About this exercise: Report every line of the listing below in which the string "bool" appears.
*** Opening Supplied records ***
(* Let $q\ge2$ and let $T$ be a connected, complete and deterministic transducer with input alphabet $\{0,\dots,q-1\}$, real output labels, an initial state, and a real final output at every state. For a nonnegative integer $n$, let $g(n)$ be the output sum of $T$ on input the $q$-ary expansion of $n$. Let $r$ be a nonnegative integer and suppose: (1) from every state, reading the input $0^r$ ($r$ zeros) leads to the initial state; (2) for every state $s$, the sum of the output labels along the path reading $0^r$ starting at $s$ equals the final output of $s$; (3) appending additional zeros at the end of the input sequence (i.e. after the most significant digit) does not change the output sum. Then $g$ is $q$-quasiadditive with parameter $r$, i.e. $g(q^{k+r}a+b)=g(a)+g(b)$ for all nonnegative integers $a,b,k$ with $0\le b<q^k$.
   Context: A transducer consists of a finite set of states, an initial state, the input alphabet $\{0,\dots,q-1\}$, an output alphabet which is a set of real numbers, transitions between states labelled $\varepsilon\mid\delta$ with $\varepsilon$ an input letter and $\delta$ an output letter, and a final output (a real number) for each state. It is complete and deterministic if for every state $s$ and input letter $\varepsilon$ there is exactly one transition leaving $s$ with input label $\varepsilon$. The transducer reads an input word (for an integer $n$: its $q$-ary expansion, starting from the least significant digit) along the unique path starting at the initial state with these input labels; the output sum is the sum of the output labels along this path plus the final output of the state where the path ends. Connected refers to the underlying graph of states and transitions. *)

theory Defs
  imports Complex_Main
begin

text \<open>q-ary expansion of n, least significant digit first; the expansion of 0 is the
empty word. (Only meaningful for q >= 2; for q < 2 it is empty.)\<close>
function qdigits :: "nat \<Rightarrow> nat \<Rightarrow> nat list" where
  "qdigits q n = (if n = 0 \<or> q < 2 then [] else n mod q # qdigits q (n div q))"
  by auto
termination
  by (relation "measure snd") auto

text \<open>A complete deterministic transducer with state set S is given by a transition
function delta (next state) and an output function out (output label of the transition
leaving state s with input letter e), plus final outputs fin.\<close>

fun trun :: "('s \<Rightarrow> nat \<Rightarrow> 's) \<Rightarrow> 's \<Rightarrow> nat list \<Rightarrow> 's" where
  "trun delta s [] = s"
| "trun delta s (e # w) = trun delta (delta s e) w"

fun tpath_out :: "('s \<Rightarrow> nat \<Rightarrow> 's) \<Rightarrow> ('s \<Rightarrow> nat \<Rightarrow> real) \<Rightarrow> 's \<Rightarrow> nat list \<Rightarrow> real" where
  "tpath_out delta out s [] = 0"
| "tpath_out delta out s (e # w) = out s e + tpath_out delta out (delta s e) w"

definition toutput_sum ::
  "('s \<Rightarrow> nat \<Rightarrow> 's) \<Rightarrow> ('s \<Rightarrow> nat \<Rightarrow> real) \<Rightarrow> ('s \<Rightarrow> real) \<Rightarrow> 's \<Rightarrow> nat list \<Rightarrow> real" where
  "toutput_sum delta out fin s w = tpath_out delta out s w + fin (trun delta s w)"

definition tconnected :: "nat \<Rightarrow> 's set \<Rightarrow> ('s \<Rightarrow> nat \<Rightarrow> 's) \<Rightarrow> bool" where
  "tconnected q S delta \<longleftrightarrow>
     (let E = {(s, delta s e) | s e. s \<in> S \<and> e < q} in
      \<forall>s\<in>S. \<forall>t\<in>S. (s, t) \<in> (E \<union> E\<inverse>)\<^sup>*)"

definition q_quasiadditive :: "nat \<Rightarrow> nat \<Rightarrow> (nat \<Rightarrow> real) \<Rightarrow> bool" where
  "q_quasiadditive q r g \<longleftrightarrow>
     (\<forall>a b k. b < q ^ k \<longrightarrow> g (q ^ (k + r) * a + b) = g a + g b)"

end

theory Submission
  imports Defs
begin

text \<open>
  Write \<open>b\<close> with exactly \<open>k\<close> digits (padding with zeros). For \<open>a > 0\<close> the expansion of
  \<open>q\<^sup>k\<^sup>+\<^sup>r a + b\<close> is the padded expansion of \<open>b\<close>, then \<open>0\<^sup>r\<close>, then the expansion of \<open>a\<close>.
  Whatever state the transducer is in after the first block, reading \<open>0\<^sup>r\<close> returns it to
  the initial state while emitting exactly the final output of that state, so the output
  splits into the output sum of the padded expansion of \<open>b\<close> plus that of \<open>a\<close>. Padding
  zeros do not change the output sum, and \<open>g(0) = 0\<close>: the input \<open>0\<^sup>r\<close> has output sum
  twice the final output of the initial state, but by invariance under padding it also has
  output sum \<open>g(0)\<close>, which is that final output.
\<close>

fun qdigits_padded :: "nat \<Rightarrow> nat \<Rightarrow> nat \<Rightarrow> nat list" where
  "qdigits_padded q 0 b = []"
| "qdigits_padded q (Suc k) b = b mod q # qdigits_padded q k (b div q)"

lemma qdigits_padded_0 [simp]: "qdigits_padded q k 0 = replicate k 0"
  by (induction k) auto

lemma set_qdigits_padded: "q \<ge> 2 \<Longrightarrow> set (qdigits_padded q k b) \<subseteq> {..<q}"
  by (induction k arbitrary: b) auto

lemma set_qdigits: "q \<ge> 2 \<Longrightarrow> set (qdigits q n) \<subseteq> {..<q}"
  by (induction q n rule: qdigits.induct) (subst qdigits.simps, auto)

lemma qdigits_padded_add:
  "qdigits_padded q (k + r) b = qdigits_padded q k b @ qdigits_padded q r (b div q ^ k)"
  by (induction k arbitrary: b) (auto simp: div_mult2_eq mult.commute)

lemma qdigits_padded_eq_qdigits_append_zeros:
  assumes "q \<ge> 2" and "b < q ^ k"
  shows "\<exists>m. qdigits_padded q k b = qdigits q b @ replicate m 0"
  using assms
proof (induction k arbitrary: b)
  case (Suc k)
  show ?case
  proof (cases "b = 0")
    case False
    have "b div q < q ^ k"
      using Suc.prems by (simp add: less_mult_imp_div_less mult.commute)
    with Suc.IH Suc.prems(1) obtain m
      where "qdigits_padded q k (b div q) = qdigits q (b div q) @ replicate m 0" by blast
    with False Suc.prems(1) show ?thesis by (subst qdigits.simps) auto
  qed (simp del: replicate.simps)
qed simp

lemma qdigits_mult_power_add:
  assumes "q \<ge> 2" and "a > 0" and "b < q ^ k"
  shows "qdigits q (q ^ k * a + b) = qdigits_padded q k b @ qdigits q a"
  using assms
proof (induction k arbitrary: b)
  case (Suc k)
  have "b div q < q ^ k"
    using Suc.prems by (simp add: less_mult_imp_div_less mult.commute)
  then have IH: "qdigits q (q ^ k * a + b div q) = qdigits_padded q k (b div q) @ qdigits q a"
    using Suc by blast
  have "(q ^ Suc k * a + b) mod q = b mod q"
    and "(q ^ Suc k * a + b) div q = q ^ k * a + b div q"
    using Suc.prems by (simp_all add: mult.assoc)
  with IH Suc.prems show ?case by (subst qdigits.simps) auto
qed simp

lemma qdigits_mult_power_add_zeros:
  assumes "q \<ge> 2" and "a > 0" and "b < q ^ k"
  shows "qdigits q (q ^ (k + r) * a + b) = qdigits_padded q k b @ replicate r 0 @ qdigits q a"
proof -
  have "b < q ^ (k + r)"
    using assms by (metis le_add1 less_le_trans one_le_numeral order_trans power_increasing)
  then show ?thesis
    using assms qdigits_mult_power_add[of q a b "k + r"] by (simp add: qdigits_padded_add)
qed

lemma trun_append: "trun delta s (u @ v) = trun delta (trun delta s u) v"
  by (induction u arbitrary: s) auto

lemma tpath_out_append:
  "tpath_out delta out s (u @ v) = tpath_out delta out s u + tpath_out delta out (trun delta s u) v"
  by (induction u arbitrary: s) auto

lemma trun_closed:
  "\<forall>s\<in>S. \<forall>e<q. delta s e \<in> S \<Longrightarrow> s \<in> S \<Longrightarrow> set w \<subseteq> {..<q} \<Longrightarrow> trun delta s w \<in> S"
  by (induction w arbitrary: s) auto

lemma toutput_sum_append_reset:
  assumes "trun delta (trun delta s0 u) z = s0"
    and "tpath_out delta out (trun delta s0 u) z = fin (trun delta s0 u)"
  shows "toutput_sum delta out fin s0 (u @ z @ v)
           = toutput_sum delta out fin s0 u + toutput_sum delta out fin s0 v"
  using assms by (simp add: toutput_sum_def tpath_out_append trun_append)

theorem proposition10:
  fixes q r :: nat and S :: "'s set" and s0 :: 's
    and delta :: "'s \<Rightarrow> nat \<Rightarrow> 's" and out :: "'s \<Rightarrow> nat \<Rightarrow> real" and fin :: "'s \<Rightarrow> real"
  assumes q: "q \<ge> 2"
    and finS: "finite S"
    and init: "s0 \<in> S"
    and trans: "\<forall>s\<in>S. \<forall>e<q. delta s e \<in> S"
    and conn: "tconnected q S delta"
    and zeros_init: "\<forall>s\<in>S. trun delta s (replicate r 0) = s0"
    and zeros_out: "\<forall>s\<in>S. tpath_out delta out s (replicate r 0) = fin s"
    and append_zeros: "\<forall>w m. set w \<subseteq> {..<q} \<longrightarrow>
        toutput_sum delta out fin s0 (w @ replicate m 0) = toutput_sum delta out fin s0 w"
  shows "q_quasiadditive q r (\<lambda>n. toutput_sum delta out fin s0 (qdigits q n))"
  unfolding q_quasiadditive_def
proof (intro allI impI)
  let ?T = "toutput_sum delta out fin s0"
  fix a b k :: nat
  assume b: "b < q ^ k"
  have "?T (replicate r 0) = 2 * fin s0"
    using init zeros_init zeros_out by (simp add: toutput_sum_def)
  moreover have "?T (replicate r 0) = fin s0"
    using append_zeros[rule_format, of "[]" r] by (simp add: toutput_sum_def)
  ultimately have T0: "?T [] = 0" by (simp add: toutput_sum_def)
  obtain m where "qdigits_padded q k b = qdigits q b @ replicate m 0"
    using qdigits_padded_eq_qdigits_append_zeros[OF q b] by blast
  then have T_padded: "?T (qdigits_padded q k b) = ?T (qdigits q b)"
    using append_zeros set_qdigits[OF q] by simp
  show "?T (qdigits q (q ^ (k + r) * a + b)) = ?T (qdigits q a) + ?T (qdigits q b)"
  proof (cases "a = 0")
    case False
    have "trun delta s0 (qdigits_padded q k b) \<in> S"
      using trun_closed[OF trans init set_qdigits_padded[OF q]] .
    then have "?T (qdigits_padded q k b @ replicate r 0 @ qdigits q a)
        = ?T (qdigits_padded q k b) + ?T (qdigits q a)"
      using zeros_init zeros_out by (intro toutput_sum_append_reset) auto
    with False show ?thesis
      using T_padded qdigits_mult_power_add_zeros[OF q _ b] by simp
  qed (simp add: T0)
qed

end
lemma recurrent_minus_conf_iff:
  assumes "finite V" "s \<in> V" "recurrent V s mult c" "v \<in> VM V s mult c"
  shows "recurrent V s mult (minus_conf V s mult c v) \<longleftrightarrow>
         (\<forall>F\<subseteq>V - {s} - {v}. F \<noteq> {} \<longrightarrow> \<not> forbidden mult {s} c F)"
proof -
  let ?c' = "minus_conf V s mult c v"
  have v: "v \<in> V - {s}" "int (deg_in mult (V - {s}) v) \<le> c v"
    using assms(4) VM_iff[OF assms(1,2)] by blast+
  have "stable V s mult ?c'"
    unfolding stable_def
  proof
    fix w assume "w \<in> V - {s}"
    then have "c w < int (deg_in mult V w)" using assms(3) unfolding recurrent_def stable_def by blast
    then show "?c' w < int (deg_in mult V w)" using minus_conf_le[of V s mult c v w] by linarith
  qed
  have not_forbidden_v: "\<not> forbidden mult {} ?c' F" if "F \<subseteq> V - {s}" "v \<in> F" for F
  proof -
    have "int (deg_in mult F v) \<le> int (deg_in mult (V - {s}) v)"
      using assms(1) that(1) by (simp add: deg_in_mono)
    also have "\<dots> \<le> ?c' v" using v(2) unfolding minus_conf_def by simp
    finally show ?thesis using that(2) unfolding forbidden_def by force
  qed
  have shift: "forbidden mult {} ?c' F \<longleftrightarrow> forbidden mult {s} c F" if "F \<subseteq> V - {s} - {v}" for F
  proof -
    have "finite F" using assms(1) that by (meson finite_Diff finite_subset)
    moreover have "s \<notin> F" using that by blast
    ultimately have "deg_in mult (F \<union> {s}) w = mult w s + deg_in mult F w" for w
      by simp
    moreover have "?c' w = c w - int (mult w s)" if "w \<in> F" for w
      using that \<open>F \<subseteq> V - {s} - {v}\<close> unfolding minus_conf_def by auto
    ultimately show ?thesis unfolding forbidden_def by auto
  qed
  have "(\<forall>F\<subseteq>V - {s}. F \<noteq> {} \<longrightarrow> \<not> forbidden mult {} ?c' F) \<longleftrightarrow>
        (\<forall>F\<subseteq>V - {s} - {v}. F \<noteq> {} \<longrightarrow> \<not> forbidden mult {} ?c' F)"
  proof (intro iffI allI impI)
    fix F assume "\<forall>F\<subseteq>V - {s} - {v}. F \<noteq> {} \<longrightarrow> \<not> forbidden mult {} ?c' F"
      and F: "F \<subseteq> V - {s}" "F \<noteq> {}"
    then show "\<not> forbidden mult {} ?c' F"
      using not_forbidden_v[OF F(1)] by (cases "v \<in> F") auto
  qed auto
  also have "\<dots> \<longleftrightarrow> (\<forall>F\<subseteq>V - {s} - {v}. F \<noteq> {} \<longrightarrow> \<not> forbidden mult {s} c F)"
    using shift by auto
  finally show ?thesis unfolding recurrent_iff_no_forbidden using \<open>stable V s mult ?c'\<close> by simp
qed

lemma decomposable_imp_not_strongly_recurrent:
  assumes "finite V" "s \<in> V" "recurrent V s mult c"
    and AB: "A \<noteq> {}" "B \<noteq> {}" "A \<inter> B = {}" "A \<union> B = V - {s}"
    and dec: "decomposable V s mult (\<lambda>v. int (deg_in mult V v) - c v) A B"
  shows "\<not> strongly_recurrent V s mult c"
proof -
  have B: "forbidden mult {s} c B" and A: "\<not> forbidden mult B c A"
    using dec decomposable_iff_forbidden[OF assms(1-3) AB(3,4)] AB(1) by blast+
  then obtain v where v: "v \<in> A" "int (deg_in mult (A \<union> B) v) \<le> c v"
    unfolding forbidden_def by (auto simp: not_less)
  then have "v \<in> VM V s mult c" using VM_iff[OF assms(1,2)] AB(4) by auto
  moreover have "B \<subseteq> V - {s} - {v}" using AB(3,4) v(1) by blast
  ultimately have "\<not> recurrent V s mult (minus_conf V s mult c v)"
    using recurrent_minus_conf_iff[OF assms(1-3)] B AB(2) by blast
  with \<open>v \<in> VM V s mult c\<close> show ?thesis unfolding strongly_recurrent_def by blast
qed
(* Let $n\geq 1$. If ${\bf f}[n]=a$, then every valid representation $[k_m\cdots k_0]_F$ of $n$ ends with an even number of $0$s (i.e. the number of trailing zero digits is even). If ${\bf f}[n]=b$, then every valid representation of $n$ ends with an odd number of $0$s.
   Context: Fibonacci numbers: $F_0=0$, $F_1=1$, $F_{m+2}=F_{m+1}+F_m$. Standard Fibonacci words over $\{a,b\}$: $f_{-1}=b$, $f_0=a$, $f_{m+1}=f_mf_{m-1}$ for $m\geq 0$ (so $|f_m|=F_{m+2}$). The Fibonacci infinite word is ${\bf f}=\lim_{m\to\infty} f_m=abaababaab\cdots$, indexed from ${\bf f}[1]=a$; ${\bf f}(0..j]$ denotes its prefix of length $j$. For nonnegative integers $k_m,\dots,k_0$, the notation $[k_m\cdots k_0]_F$ denotes the integer $\sum_{i=0}^m k_iF_{i+2}$. A representation $N=[k_m\cdots k_0]_F$ with all $k_i\geq 0$ is called valid if ${\bf f}(0..N]=f_m^{k_m}f_{m-1}^{k_{m-1}}\cdots f_0^{k_0}$ (concatenation, $u^k$ meaning $k$ copies of $u$). *)

theory Defs
  imports "HOL-Number_Theory.Fib"
begin

datatype letter = a | b

text \<open>Standard Fibonacci words, shifted by one: fibw m = f_m for m >= 0
  (f_{-1} = b, f_0 = a, f_1 = ab, f_{m+1} = f_m f_{m-1}).\<close>
fun fibw :: "nat \<Rightarrow> letter list" where
  "fibw 0 = [a]"
| "fibw (Suc 0) = [a, b]"
| "fibw (Suc (Suc m)) = fibw (Suc m) @ fibw m"

text \<open>The Fibonacci infinite word, indexed from 1: ffib j = f[j].
  Since |f_j| = F_(j+2) > j and each f_m is a prefix of f_(m+1),
  the j-th letter of f_j is the j-th letter of the limit word.\<close>
definition ffib :: "nat \<Rightarrow> letter" where
  "ffib j = fibw j ! (j - 1)"

definition fprefix :: "nat \<Rightarrow> letter list" where
  "fprefix N = map ffib [1..<N+1]"

definition fibval :: "nat \<Rightarrow> (nat \<Rightarrow> nat) \<Rightarrow> nat" where
  "fibval m k = (\<Sum>i\<le>m. k i * fib (i + 2))"

definition repword :: "nat \<Rightarrow> (nat \<Rightarrow> nat) \<Rightarrow> letter list" where
  "repword m k = concat (map (\<lambda>i. concat (replicate (k i) (fibw i))) (rev [0..<m+1]))"

definition valid_rep :: "nat \<Rightarrow> nat \<Rightarrow> (nat \<Rightarrow> nat) \<Rightarrow> bool" where
  "valid_rep N m k \<longleftrightarrow> N = fibval m k \<and> fprefix N = repword m k"

text \<open>Number of trailing zero digits k_0 = ... = k_(j-1) = 0, k_j \<noteq> 0
  (only used for representations of N >= 1, where some digit is nonzero).\<close>
definition trailing_zeros :: "nat \<Rightarrow> (nat \<Rightarrow> nat) \<Rightarrow> nat" where
  "trailing_zeros m k = (LEAST j. j \<le> m \<and> k j \<noteq> 0)"

end

theory Submission
  imports Defs
begin

text \<open>Both sides of a valid representation end with the same letter. On the left this is
  f[n]; on the right, the trailing zero digits contribute empty factors, so the word ends
  with f_j, j the number of trailing zeros, and f_j ends with a or b according to the
  parity of j, because f_(j+2) = f_(j+1) f_j ends like f_j.\<close>

lemma fibw_not_Nil: "fibw j \<noteq> []"
  by (induction j rule: fibw.induct) auto

lemma last_fibw: "last (fibw j) = (if even j then a else b)"
  by (induction j rule: fibw.induct) (auto simp: fibw_not_Nil)

lemma last_concat_replicate:
  assumes "k \<noteq> 0" "xs \<noteq> []"
  shows "concat (replicate k xs) \<noteq> [] \<and> last (concat (replicate k xs)) = last xs"
  using assms by (induction k) (auto simp: last_append)

lemma last_fprefix: "n \<ge> 1 \<Longrightarrow> last (fprefix n) = ffib n"
  unfolding fprefix_def by (simp add: last_map)

lemma fibval_eq_0: "\<forall>i\<le>m. k i = 0 \<Longrightarrow> fibval m k = 0"
  unfolding fibval_def by simp

lemma trailing_zeros_spec:
  assumes "\<exists>j\<le>m. k j \<noteq> 0"
  shows "trailing_zeros m k \<le> m" "k (trailing_zeros m k) \<noteq> 0"
    and "\<forall>i<trailing_zeros m k. k i = 0"
proof -
  show "trailing_zeros m k \<le> m" "k (trailing_zeros m k) \<noteq> 0"
    using LeastI_ex[of "\<lambda>j. j \<le> m \<and> k j \<noteq> 0"] assms
    unfolding trailing_zeros_def by auto
  then show "\<forall>i<trailing_zeros m k. k i = 0"
    unfolding trailing_zeros_def using not_less_Least by fastforce
qed

lemma last_repword:
  assumes "j \<le> m" "k j \<noteq> 0" "\<forall>i<j. k i = 0"
  shows "last (repword m k) = last (fibw j)"
proof -
  let ?block = "\<lambda>i. concat (replicate (k i) (fibw i))"
  have "[0..<m+1] = [0..<j] @ j # [Suc j..<m+1]"
    using assms(1) upt_add_eq_append[of 0 j "m + 1 - j"] by (simp add: upt_rec)
  moreover have "concat (map ?block (rev [0..<j])) = []"
    using assms(3) by (auto simp: concat_eq_Nil_conv)
  ultimately have "repword m k = concat (map ?block (rev [Suc j..<m+1])) @ ?block j"
    unfolding repword_def by simp
  then show ?thesis
    using last_concat_replicate[OF assms(2) fibw_not_Nil] by (simp add: last_append)
qed

lemma ffib_valid_rep:
  assumes "n \<ge> 1" "valid_rep n m k"
  shows "ffib n = (if even (trailing_zeros m k) then a else b)"
proof -
  have "\<exists>j\<le>m. k j \<noteq> 0"
    using assms fibval_eq_0[of m k] unfolding valid_rep_def by (metis not_one_le_zero)
  note tz = trailing_zeros_spec[OF this]
  have "ffib n = last (repword m k)"
    using assms last_fprefix unfolding valid_rep_def by metis
  also have "\<dots> = last (fibw (trailing_zeros m k))"
    using last_repword[OF tz] .
  finally show ?thesis
    unfolding last_fibw .
qed

theorem proposition1:
  fixes n :: nat
  assumes "n \<ge> 1"
  shows "(ffib n = a \<longrightarrow> (\<forall>m k. valid_rep n m k \<longrightarrow> even (trailing_zeros m k)))
       \<and> (ffib n = b \<longrightarrow> (\<forall>m k. valid_rep n m k \<longrightarrow> odd (trailing_zeros m k)))"
  using ffib_valid_rep[OF assms] by (metis letter.distinct(1))

end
*** Closing Supplied records ***
Response box:
definition tconnected :: "nat \<Rightarrow> 's set \<Rightarrow> ('s \<Rightarrow> nat \<Rightarrow> 's) \<Rightarrow> bool" where
definition q_quasiadditive :: "nat \<Rightarrow> nat \<Rightarrow> (nat \<Rightarrow> real) \<Rightarrow> bool" where
definition valid_rep :: "nat \<Rightarrow> nat \<Rightarrow> (nat \<Rightarrow> nat) \<Rightarrow> bool" where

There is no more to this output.